In this 500-odd page personal account of his journey as Finance Minister of the Syriza/ANEL coalition government, Varoufakis focuses on (and claims to reveal in 'whistle-blower' fashion) the inside story of the negotiations between Greece and the Troika (European Commission, IMF, and European Central Bank) between January 2015 and his resignation in July of the same year ... it reveals an awful lot about the political bankruptcy of the Left today — of which Varoufakis is part ...offers a decent presentation of the workings of the Greek banking system and its role in the Greek economy and crisis, though his explication of the crucial issue of credit expansion after the creation of the Eurozone is somewhat lacking ...a classic example of an academic, and therefore minimal, viewpoint –– the drastic reduction of the field of vision to those aspects that one has been professionally trained to deal with. Thus, despite his sporadic identification of certain partial truths, he misses the overall truth.
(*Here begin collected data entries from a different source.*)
locale toroidal_va =
  fixes sV :: "'k::field \<Rightarrow> 'v \<Rightarrow> 'v::ab_group_add"
    and Y :: "('v, 'r::finite, 'v) tvo"
    and one :: 'v
  assumes toroidal_vertex_algebra: "toroidal_vertex_algebra sV Y one"
begin

sublocale V: vector_space sV
  using toroidal_vertex_algebra by (simp add: toroidal_vertex_algebra_def)

lemma linear_Y: "Vector_Spaces.linear sV sV (Y u k m)"
  and truncation_Y: "\<exists>N. \<forall>k\<ge>N. \<forall>m. Y u k m w = 0"
  and vacuum_Y: "Y one k m w = (if k = -1 \<and> m = 0 then w else 0)"
  and creation_Y: "k \<ge> 0 \<Longrightarrow> Y v k m one = 0"
  and jacobi_Y: "toroidal_jacobi sV UNIV Y Y"
  using toroidal_vertex_algebra by (simp_all add: toroidal_vertex_algebra_def)

lemma Y_zero_right: "Y u k m 0 = 0"
  using linear_Y by (rule linear_map_zero)

lemma Y_add_left: "Y (x + y) k m w = Y x k m w + Y y k m w"
  and Y_scale_left: "Y (sV c x) k m w = sV c (Y x k m w)"
  using toroidal_vertex_algebra unfolding toroidal_vertex_algebra_def tlinear_on_def
  by (metis UNIV_I V.scale_one, metis UNIV_I V.scale_zero_left add.right_neutral)

lemma Y_zero_left: "Y 0 k m w = 0"
  using Y_scale_left[of 0 one] by simp

abbreviation component :: "'v \<Rightarrow> int^'r \<Rightarrow> 'v"
  where "component u m \<equiv> Y u (-1) m one"

definition supp :: "'v \<Rightarrow> (int^'r) set"
  where "supp u = {m. component u m \<noteq> 0}"

text \<open>The Jacobi identity at n0 = -1 applied to the vacuum, where creation leaves only i = 0.\<close>
lemma component_Y: "component (Y u l m v) p = Y u l m (component v (p - m))"
proof -
  have "fsum (\<lambda>i. sV (of_int (ibinom 0 i)) (Y (Y u (l + int i) m v) (0 + -1 - int i) p one))
   = fsum (\<lambda>i. sV (of_int ((-1)^i * (ibinom l i)))
        (Y u (0 + l - int i) m (Y v (-1 + int i) (p - m) one)
         - sV (of_int (isign l)) (Y v (-1 + l - int i) (p - m) (Y u (0 + int i) m one))))"
    using jacobi_Y unfolding toroidal_jacobi_def by blast
  moreover have "fsum (\<lambda>i. sV (of_int (ibinom 0 i)) (Y (Y u (l + int i) m v) (0 + -1 - int i) p one))
      = component (Y u l m v) p"
    by (subst fsum_eq_single[of 0]) (auto simp: ibinom_zero_left)
  moreover have "fsum (\<lambda>i. sV (of_int ((-1)^i * (ibinom l i)))
        (Y u (0 + l - int i) m (Y v (-1 + int i) (p - m) one)
         - sV (of_int (isign l)) (Y v (-1 + l - int i) (p - m) (Y u (0 + int i) m one))))
      = Y u l m (component v (p - m))"
    by (subst fsum_eq_single[of 0]) (auto simp: creation_Y Y_zero_right)
  ultimately show ?thesis by simp
qed

lemma component_vacuum_descendant:
  "component (Y a l n one) p = (if p = n then Y a l n one else 0)"
  by (simp add: component_Y vacuum_Y Y_zero_right)

lemma Y_component: "Y (component x m) k p w = (if p = m then Y x k m w else 0)"
  by (rule toroidal_jacobi_vacuum_component[OF V.vector_space_axioms vacuum_Y jacobi_Y])
    (auto simp: Y_zero_right)

lemma Y_outside_supp: "p \<notin> supp x \<Longrightarrow> Y x k p w = 0"
  using Y_component[of x p k p w] by (simp add: supp_def Y_zero_left)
The story is a tangled one full of many threads both political and economic—and even historical, since Varoufakis traces some contemporary domestic issues to the dawn of the Cold War and a Greece torn between East and West. It helps to have both a scorecard and an economics degree to follow some of the thornier arguments on debt structure and liability management, but this is an eye-opening look at the recent economic crisis in the eurozone.
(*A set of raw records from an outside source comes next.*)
lemma lyap_powr_mult_drift_le:
  fixes \<phi> :: "real \<Rightarrow> 'a::real_normed_vector" and \<rho> :: "real \<Rightarrow> real"
    and \<tau> p vr a1 a2 a3 e s :: real
  assumes "0 < \<tau>" "2 \<le> p" "0 < vr" "0 \<le> a1" "0 \<le> a2" "0 \<le> a3" "\<rho> \<in> weightW \<tau>" "0 < e" "e < 1"
    and \<phi>: "continuous_on {-\<tau>..0} \<phi>"
    and s: "s \<le> a1 * (1 + (norm (\<phi> 0))\<^sup>2 + 1 / \<tau> * integral {-\<tau>..0} (\<lambda>\<theta>. (norm (\<phi> \<theta>))\<^sup>2))
        - a2 * norm (\<phi> 0) powr (2 + vr) + a3 * integral {-\<tau>..0} (\<lambda>\<theta>. norm (\<phi> \<theta>) powr (2 + vr) * \<rho> \<theta>)"
  shows "(1 - e) * p / 2 * lyap \<tau> e \<phi> powr ((p - 2) / 2) * s
    \<le> p / 2 * (1 - e) * a1 * (lyap \<tau> e \<phi> powr (p / 2) / min e (1 - e))
      - p / 2 * a2 * ((1 - e) powr (p / 2) * norm (\<phi> 0) powr (p + vr))
      + p / 2 * a3 * ((p - 2) / (p + vr)) * lyap \<tau> e \<phi> powr ((p + vr) / 2)
      + p / 2 * a3 * ((2 + vr) / (p + vr)) * integral {-\<tau>..0} (\<lambda>\<theta>. norm (\<phi> \<theta>) powr (p + vr) * \<rho> \<theta>)"
proof -
  define F where "F = lyap \<tau> e \<phi>"
  define G where "G = F powr ((p - 2) / 2)"
  define x where "x = norm (\<phi> 0)"
  define I2 where "I2 = 1 / \<tau> * integral {-\<tau>..0} (\<lambda>\<theta>. (norm (\<phi> \<theta>))\<^sup>2)"
  define Iq where "Iq = integral {-\<tau>..0} (\<lambda>\<theta>. norm (\<phi> \<theta>) powr (2 + vr) * \<rho> \<theta>)"
  define IP where "IP = integral {-\<tau>..0} (\<lambda>\<theta>. norm (\<phi> \<theta>) powr (p + vr) * \<rho> \<theta>)"
  have "1 \<le> F"
    using one_le_lyap[OF assms(1) _ _ \<phi>] assms by (simp add: F_def)
  have "0 \<le> IP"
    unfolding IP_def using assms \<phi>
    by (intro integral_nonneg weightW_integrable_product continuous_on_powr' continuous_intros)
      (auto simp: weightW_def)
  have young: "G * Iq \<le> (p - 2) / (p + vr) * F powr ((p + vr) / 2) + (2 + vr) / (p + vr) * IP"
    using integral_weighted_Young[OF assms(7), of "\<lambda>\<theta>. norm (\<phi> \<theta>)" F "p - 2" "2 + vr"]
      \<phi> \<open>1 \<le> F\<close> assms
    by (simp add: G_def Iq_def IP_def continuous_on_norm)
  have "(1 - e) * p / 2 * G * s \<le> (1 - e) * p / 2 * G * (a1 * (1 + x\<^sup>2 + I2) - a2 * x powr (2 + vr) + a3 * Iq)"
    using s assms by (intro mult_left_mono) (auto simp: G_def x_def I2_def Iq_def)
  also have "\<dots> = p / 2 * (1 - e) * a1 * (G * (1 + x\<^sup>2 + I2))
      - p / 2 * a2 * ((1 - e) * (G * x powr (2 + vr))) + p / 2 * a3 * ((1 - e) * (G * Iq))"
    by (simp add: field_simps)
  also have "\<dots> \<le> p / 2 * (1 - e) * a1 * (F powr (p / 2) / min e (1 - e))
      - p / 2 * a2 * ((1 - e) powr (p / 2) * x powr (p + vr))
      + p / 2 * a3 * ((1 - e) * ((p - 2) / (p + vr) * F powr ((p + vr) / 2) + (2 + vr) / (p + vr) * IP))"
    using lyap_powr_mult_second_moment_le[OF assms(1,8,9) \<phi>, of p]
      lyap_powr_mult_norm_powr_ge[OF assms(1) _ _ assms(2) \<phi>, of e vr] young assms
    unfolding F_def G_def x_def I2_def by (intro add_mono diff_mono mult_left_mono) auto
  also have "\<dots> \<le> p / 2 * (1 - e) * a1 * (F powr (p / 2) / min e (1 - e))
      - p / 2 * a2 * ((1 - e) powr (p / 2) * x powr (p + vr))
      + p / 2 * a3 * ((p - 2) / (p + vr) * F powr ((p + vr) / 2) + (2 + vr) / (p + vr) * IP)"
    using \<open>1 \<le> F\<close> \<open>0 \<le> IP\<close> assms by (intro add_left_mono mult_left_mono mult_left_le_one_le) auto
  finally show ?thesis
    unfolding F_def G_def x_def IP_def by (simp only: distrib_left mult.assoc)
qed

lemma lyap_drift_absorbed:
  fixes S :: "(real \<Rightarrow> 'a::real_normed_vector) \<Rightarrow> real" and \<rho> :: "real \<Rightarrow> real"
    and \<tau> p vr a1 a2 a3 e c :: real
  assumes "0 < \<tau>" "2 \<le> p" "0 < vr" "0 \<le> a1" "0 \<le> a3" "a3 < a2" "\<rho> \<in> weightW \<tau>"
    and "0 < e" "e < 1" "0 < c"
    and S: "\<And>\<phi>. continuous_on {-\<tau>..0} \<phi> \<Longrightarrow>
      S \<phi> \<le> a1 * (1 + (norm (\<phi> 0))\<^sup>2 + 1 / \<tau> * integral {-\<tau>..0} (\<lambda>\<theta>. (norm (\<phi> \<theta>))\<^sup>2))
        - a2 * norm (\<phi> 0) powr (2 + vr) + a3 * integral {-\<tau>..0} (\<lambda>\<theta>. norm (\<phi> \<theta>) powr (2 + vr) * \<rho> \<theta>)"
  defines "B \<equiv> a3 * (p - 2) / (p + vr) + (a2 - a3) / 2"
  obtains C where "0 \<le> C" "\<And>\<phi>. continuous_on {-\<tau>..0} \<phi> \<Longrightarrow>
    c * lyap \<tau> e \<phi> powr (p / 2) + (1 - e) * p / 2 * lyap \<tau> e \<phi> powr ((p - 2) / 2) * S \<phi>
    \<le> C + p / 2 * B * lyap \<tau> e \<phi> powr ((p + vr) / 2)
      - p / 2 * a2 * ((1 - e) powr (p / 2) * norm (\<phi> 0) powr (p + vr))
      + a3 * p * (2 + vr) / (2 * (p + vr)) * integral {-\<tau>..0} (\<lambda>\<theta>. norm (\<phi> \<theta>) powr (p + vr) * \<rho> \<theta>)"
proof -
  define K where "K = c + p / 2 * (1 - e) * a1 / min e (1 - e)"
  \<comment> \<open>d is what remains of p/2 * B after the Young term p/2 * a3 * (p - 2) / (p + vr);
    it absorbs the lower power of lyap\<close>
  define d where "d = p / 2 * ((a2 - a3) / 2)"
  have "0 \<le> K" "0 < d" "0 \<le> p / 2" "p / 2 < (p + vr) / 2" "0 < p + vr" "0 \<le> a2"
    using assms by (auto simp: K_def d_def)
  then obtain C where "0 \<le> C" and C: "\<And>F. 0 \<le> F \<Longrightarrow> K * F powr (p / 2) \<le> d * F powr ((p + vr) / 2) + C"
    using powr_le_small_multiple_plus_const by metis
  have "p / 2 * a3 * ((p - 2) / (p + vr)) = p / 2 * B - d"
    using \<open>0 < p + vr\<close> by (simp add: B_def d_def field_simps)
  show ?thesis
  proof (rule that[OF \<open>0 \<le> C\<close>])
    fix \<phi> :: "real \<Rightarrow> 'a"
    assume \<phi>: "continuous_on {-\<tau>..0} \<phi>"
    define F where "F = lyap \<tau> e \<phi>"
    have "0 \<le> F"
      using one_le_lyap[of \<tau> e \<phi>] \<phi> assms by (simp add: F_def)
    have "c * F powr (p / 2) + p / 2 * (1 - e) * a1 * (F powr (p / 2) / min e (1 - e))
        = K * F powr (p / 2)"
      by (simp add: K_def algebra_simps)
    moreover have "p / 2 * a3 * ((p - 2) / (p + vr)) * F powr ((p + vr) / 2)
        = p / 2 * B * F powr ((p + vr) / 2) - d * F powr ((p + vr) / 2)"
      using \<open>p / 2 * a3 * ((p - 2) / (p + vr)) = p / 2 * B - d\<close> by (simp add: left_diff_distrib)
    moreover have "p / 2 * a3 * ((2 + vr) / (p + vr)) * integral {-\<tau>..0} (\<lambda>\<theta>. norm (\<phi> \<theta>) powr (p + vr) * \<rho> \<theta>)
        = a3 * p * (2 + vr) / (2 * (p + vr)) * integral {-\<tau>..0} (\<lambda>\<theta>. norm (\<phi> \<theta>) powr (p + vr) * \<rho> \<theta>)"
      by simp
    ultimately show "c * lyap \<tau> e \<phi> powr (p / 2) + (1 - e) * p / 2 * lyap \<tau> e \<phi> powr ((p - 2) / 2) * S \<phi>
      \<le> C + p / 2 * B * lyap \<tau> e \<phi> powr ((p + vr) / 2)
        - p / 2 * a2 * ((1 - e) powr (p / 2) * norm (\<phi> 0) powr (p + vr))
        + a3 * p * (2 + vr) / (2 * (p + vr)) * integral {-\<tau>..0} (\<lambda>\<theta>. norm (\<phi> \<theta>) powr (p + vr) * \<rho> \<theta>)"
      using lyap_powr_mult_drift_le[OF assms(1-4) \<open>0 \<le> a2\<close> assms(5,7-9) \<phi> S[OF \<phi>]] C[OF \<open>0 \<le> F\<close>]
      unfolding F_def by linarith
  qed
qed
His subtitle is misleading, as there’s little here about America’s leaders and nothing about its 'deep establishment' (a term Varoufakis leaves unexplained); this is a book about intra-European economic battles. Unfortunately, Varoufakis sometimes doesn’t explain arcane terms—how many readers will know what 'EFSF debt' refers to? He is also prone to providing excessive detail, making this otherwise illuminating account far too long for all but those with a passionate interest in EU economic affairs in general and the seemingly interminable Greek debt crisis in particular.